Научный журнал
Фундаментальные исследования
ISSN 1812-7339
"Перечень" ВАК
ИФ РИНЦ = 1,674

КЛИНИКО-МОРФОЛОГИЧЕСКИЕ ОСОБЕННОСТИ ХРОНИЧЕСКОГО ВОСПАЛЕНИЯ ВЕРХНЕЧЕЛЮСТНОЙ ПАЗУХИ

Пальчун В. Т., Михалева Л. М., Гуров А. В., Мужичкова А. В.
На основании проведенного морфологического исследования операционного материала 64 больных в возрасте от 15 до 68 лет, длительно страдающих хроническим гнойным гайморитом и получавших на догоспитальном этапе некачественную антибактериальную терапию, установлено, что у данной группы больных выраженные патоморфологические изменения слизистой оболочки верхнечелюстной пазухи, и способствует хронизации воспалительного процесса.

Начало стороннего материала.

(* Let $k$ be a commutative Noetherian ring and let $R$ be a reduced commutative $k$-algebra that is finitely generated as a $k$-module. Then $\mathrm{Aut}_{k\text{-alg}}(R)$ is a finite group.
   Context: Reduced means no nonzero nilpotent elements. *)

theory Defs
  imports Main
begin

definition is_ring_hom :: "('a::comm_ring_1 \<Rightarrow> 'b::comm_ring_1) \<Rightarrow> bool" where
  "is_ring_hom f \<longleftrightarrow> f 1 = 1 \<and> (\<forall>x y. f (x + y) = f x + f y) \<and> (\<forall>x y. f (x * y) = f x * f y)"

definition is_ideal :: "'a::comm_ring_1 set \<Rightarrow> bool" where
  "is_ideal I \<longleftrightarrow> 0 \<in> I \<and> (\<forall>x\<in>I. \<forall>y\<in>I. x + y \<in> I) \<and> (\<forall>r. \<forall>x\<in>I. r * x \<in> I)"

definition noetherian_ring :: "'a::comm_ring_1 itself \<Rightarrow> bool" where
  "noetherian_ring _ \<longleftrightarrow> (\<forall>I::'a set. is_ideal I \<longrightarrow>
     (\<exists>F. finite F \<and> F \<subseteq> I \<and> I = {\<Sum>x\<in>F. c x * x | c. True}))"

definition reduced_ring :: "'a::comm_ring_1 itself \<Rightarrow> bool" where
  "reduced_ring _ \<longleftrightarrow> (\<forall>(x::'a) (n::nat). x ^ n = 0 \<longrightarrow> x = 0)"

text \<open>R, a k-algebra via the structure map phi, is finitely generated as a k-module.\<close>
definition finite_module_over :: "('k::comm_ring_1 \<Rightarrow> 'r::comm_ring_1) \<Rightarrow> bool" where
  "finite_module_over phi \<longleftrightarrow> (\<exists>S. finite S \<and> (\<forall>r. \<exists>c. r = (\<Sum>s\<in>S. phi (c s) * s)))"

definition alg_auts :: "('k::comm_ring_1 \<Rightarrow> 'r::comm_ring_1) \<Rightarrow> ('r \<Rightarrow> 'r) set" where
  "alg_auts phi = {f. bij f \<and> is_ring_hom f \<and> (\<forall>c x. f (phi c * x) = phi c * f x)}"

end

theory Submission
  imports Defs "HOL-Computational_Algebra.Polynomial" "HOL-Library.FuncSet"
begin

text \<open>Every \<open>k\<close>-submodule of \<open>R\<close> is finitely generated, so \<open>R\<close> satisfies the maximum
  condition on submodules: \<open>R\<close> is a Noetherian ring, and each \<open>s \<in> R\<close> is integral over \<open>k\<close>
  because the chain of spans of \<open>1, s, s\<^sup>2, \<dots>\<close> stabilises. In the reduced Noetherian
  ring \<open>R\<close>, \<open>0\<close> is a finite intersection of prime ideals, and modulo a prime a monic polynomial
  has only finitely many root classes; hence a monic polynomial has finitely many roots in \<open>R\<close>.
  An automorphism is determined by its values on finitely many module generators, and it sends
  each generator to a root of that generator's integral equation.\<close>

section \<open>Submodules over a ring homomorphism\<close>

lemma ring_hom_add: "is_ring_hom f \<Longrightarrow> f (x + y) = f x + f y"
  unfolding is_ring_hom_def by blast

lemma ring_hom_mult: "is_ring_hom f \<Longrightarrow> f (x * y) = f x * f y"
  unfolding is_ring_hom_def by blast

В настоящее время воспаление верхнечелюстной пазухи является одной из самых распространенных ЛОР- патологий на территории РФ и за ее рубежами. Так, в России пациенты с гайморитом составляют 20-30 % среди всех госпитализированных в ЛОР- отделения, а в США, согласно данным Национального центра по статистике болезней воспалительные заболевания ОНП, признаны наиболее распространенными хроническими заболеваниями среди всех нозологий [2,3,4,5].

Доля гайморита в структуре синуситов составляет 56-73 %, т. е. большую часть пациентов, и тенденции к уменьшению не наблюдается. Более того, в последнее время отмечается ежегодный прирост заболеваемости на 1,5-2,0 %, а заболеваемость хроническим синуситом за последние 8 лет увеличилась в два раза. Это обусловлено рядом обстоятельств, среди которых можно выделить нагрузку на верхние дыхательные пути в связи с неблагоприятной экологической обстановкой и загрязненностью окружающей среды, не снижающийся уровень острых респираторных вирусных инфекций и гриппа [6,8]. Кроме того, увеличение числа больных с хроническими формами гайморита может быть в определенной степени объяснено отсутствием единой лечебной тактики и как следствие высоким процентом перехода острого процесса в хронический. В связи с вышесказанным становиться актуальным исследование морфологических изменений слизистой оболочки верхнечелюстной пазухи, на фоне неадекватной терапии.

Материалы и методы

За период 2008-2009 гг. в ЛОР - клинике РГМУ на базе ГКБ № 1 им. Н. И Пирогова совместно c лабораторией клинической морфологии НИИ морфологии человека РАМН и патологоанатомическим отделением ГКБ № 31 Департамента здравоохранения г. Москвы проводилось обследование 64 пациента, страдающих хроническим гнойным гайморитом, 40 женщин и 24 мужчины в возрасте от 15 до 68 лет.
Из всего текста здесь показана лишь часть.